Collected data
(* Assume each bus has either no generator or at least two generators, and $x^*_n>0$ for all $n$; let $b^*_n=2a_nx^*_n+c_n$. Consider any execution of the Bid Adjustment Algorithm with $0<\beta_k<2a_n$ for all $n$ and $k\ge1$, and let $a_{\min}=\min_na_n$ and $\bar y=\sum_{i=1}^{N_b}y_i$. Then for all $k\ge1$, $$\|b(k+1)-b(k)\|^2\ \le\ \frac{\beta_k^2}{2a_{\min}^2}\|b(k)-b^*\|^2+8\beta_k^2\bar y^2.$$
   Context: Network: directed graph with buses $\{1,\dots,N_b\}$, edge set $\mathcal E$, line flow limits $\bar z_{ij}>0$, $G_i$ the set of generators at bus $i$ (the $G_i$ partition $\{1,\dots,N\}$), loads $y_i\ge0$. Generator $n$ has cost $f_n(x)=a_nx^2+c_nx$, $a_n>0$, $c_n\ge0$. DC-OPF: minimize $\sum_n f_n(x_n)$ over $(x,z)$ s.t. $\sum_{j:(i,j)\in\mathcal E}z_{ij}-\sum_{j:(j,i)\in\mathcal E}z_{ji}=\sum_{n\in G_i}x_n-y_i$ for all $i$, $|z_{ij}|\le\bar z_{ij}$, $x\ge0$; assumed feasible with unique optimal generation $x^*$. S-DC-OPF given bids $b\ge0$: same constraints, objective $\sum_n b_nx_n$. $\|\cdot\|$ is the Euclidean norm. Bid Adjustment Algorithm: given stepsizes $\beta_k>0$, each generator picks $b_n(1)\ge c_n$. For each $k\ge1$: $q_n(k)=\arg\max_{q\ge0}(b_n(k)q-f_n(q))$; the operator selects an optimizer $(x^{\rm opt}(k),z^{\rm opt}(k))$ of S-DC-OPF with bids $b(k)$; and $b_n(k+1)=[\,b_n(k)+\beta_k(x^{\rm opt}_n(k)-q_n(k))\,]^+$, where $[u]^+=\max\{0,u\}$. *)

theory Defs
  imports Complex_Main
begin

text \<open>Buses are 1..Nb, generators are 1..N. Edges are pairs of buses (directed),
flows z are indexed by edges, generation vectors x by generator indices.\<close>

definition gen_cost :: "(nat \<Rightarrow> real) \<Rightarrow> (nat \<Rightarrow> real) \<Rightarrow> nat \<Rightarrow> real \<Rightarrow> real" where
  "gen_cost a c n x = a n * x\<^sup>2 + c n * x"

definition opf_feasible ::
  "nat \<Rightarrow> nat \<Rightarrow> (nat \<times> nat) set \<Rightarrow> (nat \<times> nat \<Rightarrow> real) \<Rightarrow> (nat \<Rightarrow> nat set) \<Rightarrow> (nat \<Rightarrow> real)
   \<Rightarrow> (nat \<Rightarrow> real) \<Rightarrow> (nat \<times> nat \<Rightarrow> real) \<Rightarrow> bool" where
  "opf_feasible Nb N E zbar G y x z \<longleftrightarrow>
     (\<forall>i\<in>{1..Nb}. (\<Sum>e\<in>{e\<in>E. fst e = i}. z e) - (\<Sum>e\<in>{e\<in>E. snd e = i}. z e)
                   = (\<Sum>n\<in>G i. x n) - y i) \<and>
     (\<forall>e\<in>E. \<bar>z e\<bar> \<le> zbar e) \<and>
     (\<forall>n\<in>{1..N}. 0 \<le> x n)"

definition dcopf_optimal ::
  "nat \<Rightarrow> nat \<Rightarrow> (nat \<times> nat) set \<Rightarrow> (nat \<times> nat \<Rightarrow> real) \<Rightarrow> (nat \<Rightarrow> nat set) \<Rightarrow> (nat \<Rightarrow> real)
   \<Rightarrow> (nat \<Rightarrow> real) \<Rightarrow> (nat \<Rightarrow> real) \<Rightarrow> (nat \<Rightarrow> real) \<Rightarrow> bool" where
  "dcopf_optimal Nb N E zbar G y a c x \<longleftrightarrow>
     (\<exists>z. opf_feasible Nb N E zbar G y x z \<and>
        (\<forall>x' z'. opf_feasible Nb N E zbar G y x' z' \<longrightarrow>
           (\<Sum>n\<in>{1..N}. gen_cost a c n (x n)) \<le> (\<Sum>n\<in>{1..N}. gen_cost a c n (x' n))))"

definition sdcopf_optimal ::
  "nat \<Rightarrow> nat \<Rightarrow> (nat \<times> nat) set \<Rightarrow> (nat \<times> nat \<Rightarrow> real) \<Rightarrow> (nat \<Rightarrow> nat set) \<Rightarrow> (nat \<Rightarrow> real)
   \<Rightarrow> (nat \<Rightarrow> real) \<Rightarrow> (nat \<Rightarrow> real) \<Rightarrow> (nat \<times> nat \<Rightarrow> real) \<Rightarrow> bool" where
  "sdcopf_optimal Nb N E zbar G y b x z \<longleftrightarrow>
     opf_feasible Nb N E zbar G y x z \<and>
     (\<forall>x' z'. opf_feasible Nb N E zbar G y x' z' \<longrightarrow>
        (\<Sum>n\<in>{1..N}. b n * x n) \<le> (\<Sum>n\<in>{1..N}. b n * x' n))"

definition vnorm :: "nat \<Rightarrow> (nat \<Rightarrow> real) \<Rightarrow> real" where
  "vnorm N v = sqrt (\<Sum>n\<in>{1..N}. (v n)\<^sup>2)"

end

theory Submission
  imports Defs
begin

text \<open>Generator n answers a bid b with the supply max 0 ((b - c_n) / (2 a_n)), which is
1/(2 a_n)-Lipschitz in the bid and equals x*_n at the marginal-cost bid b*_n.  Since the
projection onto b >= 0 is nonexpansive, |b_n(k+1) - b_n(k)| <= beta_k |xopt_n(k) - q_n(k)|, and
splitting xopt - q = (xopt - x*) + (x* - q) bounds the second part by |b(k) - b*| / (2 a_min).
The first part is controlled because xopt(k) and x* are both nonnegative and feasible, hence
both have total generation equal to the total load: the edge flows cancel in the sum of the
bus balances.\<close>

definition best_response :: "real \<Rightarrow> real \<Rightarrow> real \<Rightarrow> real" where
  "best_response a c b = max 0 ((b - c) / (2 * a))"

lemma is_arg_max_profit_eq_best_response:
  fixes a b c q :: real
  assumes "0 < a" and "is_arg_max (\<lambda>s. b * s - (a * s\<^sup>2 + c * s)) (\<lambda>s. 0 \<le> s) q"
  shows "q = best_response a c b"
proof -
  let ?profit = "\<lambda>s. b * s - (a * s\<^sup>2 + c * s)"
  define p where "p = best_response a c b"
  have "p \<ge> 0" and "q \<ge> 0" and "?profit p \<le> ?profit q"
    using assms(2) by (auto simp: p_def best_response_def is_arg_max_def not_less)
  have "?profit p - ?profit q \<ge> a * (p - q)\<^sup>2"
  proof (cases "c \<le> b")
    case True
    then have "b - c = 2 * a * p"
      using \<open>0 < a\<close> by (simp add: p_def best_response_def field_simps)
    then show ?thesis by (simp add: algebra_simps power2_eq_square)
  next
    case False
    then have "p = 0"
      using \<open>0 < a\<close> by (simp add: p_def best_response_def divide_neg_pos)
    moreover have "(b - c) * q \<le> 0"
      using False \<open>q \<ge> 0\<close> by (simp add: mult_nonpos_nonneg)
    ultimately show ?thesis by (simp add: algebra_simps power2_eq_square)
  qed
  with \<open>?profit p \<le> ?profit q\<close> have "a * (p - q)\<^sup>2 \<le> 0" by linarith
  with \<open>0 < a\<close> have "p = q" by (simp add: mult_le_0_iff)
  then show ?thesis by (simp add: p_def)
qed

lemma best_response_marginal_cost:
  assumes "0 < a" and "0 \<le> x"
  shows "best_response a c (2 * a * x + c) = x"
  using assms by (simp add: best_response_def)

lemma best_response_lipschitz:
  assumes "0 < a"
  shows "\<bar>best_response a c b - best_response a c b'\<bar> \<le> \<bar>b - b'\<bar> / (2 * a)"
proof -
  have "\<bar>best_response a c b - best_response a c b'\<bar> \<le> \<bar>(b - c) / (2 * a) - (b' - c) / (2 * a)\<bar>"
    unfolding best_response_def by (auto simp: max_def)
  also have "\<dots> = \<bar>b - b'\<bar> / (2 * a)"
    using assms by (simp add: diff_divide_distrib[symmetric])
  finally show ?thesis .
qed

lemma abs_max_0_add_minus_le:
  fixes u d :: real
  assumes "0 \<le> u"
  shows "\<bar>max 0 (u + d) - u\<bar> \<le> \<bar>d\<bar>"
  using assms by (simp add: max_def abs_if)

lemma power2_bid_step_le:
  fixes a c b x x' \<beta> m :: real
  assumes "0 < m" "m \<le> a" "0 \<le> b" "0 \<le> x'"
  shows "(max 0 (b + \<beta> * (x - best_response a c b)) - b)\<^sup>2
           \<le> \<beta>\<^sup>2 * (2 * (x - x')\<^sup>2 + (b - (2 * a * x' + c))\<^sup>2 / (2 * m\<^sup>2))"
proof -
  let ?q = "best_response a c b" and ?b' = "2 * a * x' + c"
  have "0 < a" using assms by simp
  have "\<bar>x' - ?q\<bar> \<le> \<bar>b - ?b'\<bar> / (2 * a)"
    using best_response_lipschitz[OF \<open>0 < a\<close>, of c ?b' b]
      best_response_marginal_cost[OF \<open>0 < a\<close> \<open>0 \<le> x'\<close>]
    by (simp add: abs_minus_commute)
  also have "\<dots> \<le> \<bar>b - ?b'\<bar> / (2 * m)"
    using assms by (intro divide_left_mono) auto
  finally have "(x' - ?q)\<^sup>2 \<le> (\<bar>b - ?b'\<bar> / (2 * m))\<^sup>2"
    using power_mono[of _ _ 2] by fastforce
  then have x'_q: "2 * (x' - ?q)\<^sup>2 \<le> (b - ?b')\<^sup>2 / (2 * m\<^sup>2)"
    by (simp add: power_divide power_mult_distrib)
  have "(max 0 (b + \<beta> * (x - ?q)) - b)\<^sup>2 \<le> (\<beta> * (x - ?q))\<^sup>2"
    using abs_max_0_add_minus_le[OF \<open>0 \<le> b\<close>] unfolding abs_le_square_iff .
  also have "\<dots> = \<beta>\<^sup>2 * (x - ?q)\<^sup>2" by (simp add: power_mult_distrib)
  also have "\<dots> \<le> \<beta>\<^sup>2 * (2 * (x - x')\<^sup>2 + 2 * (x' - ?q)\<^sup>2)"
    using sum_power2_ge_zero[of "(x - x') - (x' - ?q)" 0]
    by (intro mult_left_mono) (simp_all add: power2_eq_square algebra_simps)
  also have "\<dots> \<le> \<beta>\<^sup>2 * (2 * (x - x')\<^sup>2 + (b - ?b')\<^sup>2 / (2 * m\<^sup>2))"
    using x'_q by (intro mult_left_mono) auto
  finally show ?thesis .
qed

lemma opf_feasible_total_generation:
  assumes edges: "E \<subseteq> {1..Nb} \<times> {1..Nb}"
    and G_sub: "\<forall>i\<in>{1..Nb}. G i \<subseteq> {1..N}"
    and G_disj: "\<forall>i\<in>{1..Nb}. \<forall>j\<in>{1..Nb}. i \<noteq> j \<longrightarrow> G i \<inter> G j = {}"
    and G_cover: "(\<Union>i\<in>{1..Nb}. G i) = {1..N}"
    and feasible: "opf_feasible Nb N E zbar G y x z"
  shows "(\<Sum>n\<in>{1..N}. x n) = (\<Sum>i\<in>{1..Nb}. y i)"
proof -
  have "finite E" using edges finite_subset by blast
  have balance: "\<forall>i\<in>{1..Nb}. (\<Sum>n\<in>G i. x n)
      = y i + ((\<Sum>e\<in>{e\<in>E. fst e = i}. z e) - (\<Sum>e\<in>{e\<in>E. snd e = i}. z e))"
    using feasible unfolding opf_feasible_def by auto
  have "(\<Sum>n\<in>{1..N}. x n) = (\<Sum>i\<in>{1..Nb}. \<Sum>n\<in>G i. x n)"
    unfolding G_cover[symmetric]
    by (rule sum.UNION_disjoint) (use G_sub G_disj finite_subset[of _ "{1..N}"] in auto)
  also have "\<dots> = (\<Sum>i\<in>{1..Nb}. y i) + ((\<Sum>i\<in>{1..Nb}. \<Sum>e\<in>{e\<in>E. fst e = i}. z e)
                                      - (\<Sum>i\<in>{1..Nb}. \<Sum>e\<in>{e\<in>E. snd e = i}. z e))"
    using balance by (simp add: sum.distrib sum_subtractf)
  also have "(\<Sum>i\<in>{1..Nb}. \<Sum>e\<in>{e\<in>E. fst e = i}. z e) = (\<Sum>e\<in>E. z e)"
    by (rule sum.group) (use \<open>finite E\<close> edges in auto)
  also have "(\<Sum>i\<in>{1..Nb}. \<Sum>e\<in>{e\<in>E. snd e = i}. z e) = (\<Sum>e\<in>E. z e)"
    by (rule sum.group) (use \<open>finite E\<close> edges in auto)
  finally show ?thesis by simp
qed

lemma sum_power2_le_power2_sum:
  fixes d :: "'a \<Rightarrow> real"
  assumes "finite A" and "\<forall>n\<in>A. 0 \<le> d n"
  shows "(\<Sum>n\<in>A. (d n)\<^sup>2) \<le> (\<Sum>n\<in>A. d n)\<^sup>2"
proof -
  have "(\<Sum>n\<in>A. (d n)\<^sup>2) \<le> (\<Sum>n\<in>A. d n * (\<Sum>m\<in>A. d m))"
    unfolding power2_eq_square
    by (intro sum_mono mult_left_mono member_le_sum) (use assms in auto)
  also have "\<dots> = (\<Sum>n\<in>A. d n)\<^sup>2" by (simp add: power2_eq_square sum_distrib_right)
  finally show ?thesis .
qed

■ The problem: Scan the records above for the string "each", then select every line that holds it.

■ Response to this exercise:
(* Assume each bus has either no generator or at least two generators, and $x^*_n>0$ for all $n$; let $b^*_n=2a_nx^*_n+c_n$. Consider any execution of the Bid Adjustment Algorithm with $0<\beta_k<2a_n$ for all $n$ and $k\ge1$, and let $a_{\min}=\min_na_n$ and $\bar y=\sum_{i=1}^{N_b}y_i$. Then for all $k\ge1$, $$\|b(k+1)-b(k)\|^2\ \le\ \frac{\beta_k^2}{2a_{\min}^2}\|b(k)-b^*\|^2+8\beta_k^2\bar y^2.$$
   Context: Network: directed graph with buses $\{1,\dots,N_b\}$, edge set $\mathcal E$, line flow limits $\bar z_{ij}>0$, $G_i$ the set of generators at bus $i$ (the $G_i$ partition $\{1,\dots,N\}$), loads $y_i\ge0$. Generator $n$ has cost $f_n(x)=a_nx^2+c_nx$, $a_n>0$, $c_n\ge0$. DC-OPF: minimize $\sum_n f_n(x_n)$ over $(x,z)$ s.t. $\sum_{j:(i,j)\in\mathcal E}z_{ij}-\sum_{j:(j,i)\in\mathcal E}z_{ji}=\sum_{n\in G_i}x_n-y_i$ for all $i$, $|z_{ij}|\le\bar z_{ij}$, $x\ge0$; assumed feasible with unique optimal generation $x^*$. S-DC-OPF given bids $b\ge0$: same constraints, objective $\sum_n b_nx_n$. $\|\cdot\|$ is the Euclidean norm. Bid Adjustment Algorithm: given stepsizes $\beta_k>0$, each generator picks $b_n(1)\ge c_n$. For each $k\ge1$: $q_n(k)=\arg\max_{q\ge0}(b_n(k)q-f_n(q))$; the operator selects an optimizer $(x^{\rm opt}(k),z^{\rm opt}(k))$ of S-DC-OPF with bids $b(k)$; and $b_n(k+1)=[\,b_n(k)+\beta_k(x^{\rm opt}_n(k)-q_n(k))\,]^+$, where $[u]^+=\max\{0,u\}$. *)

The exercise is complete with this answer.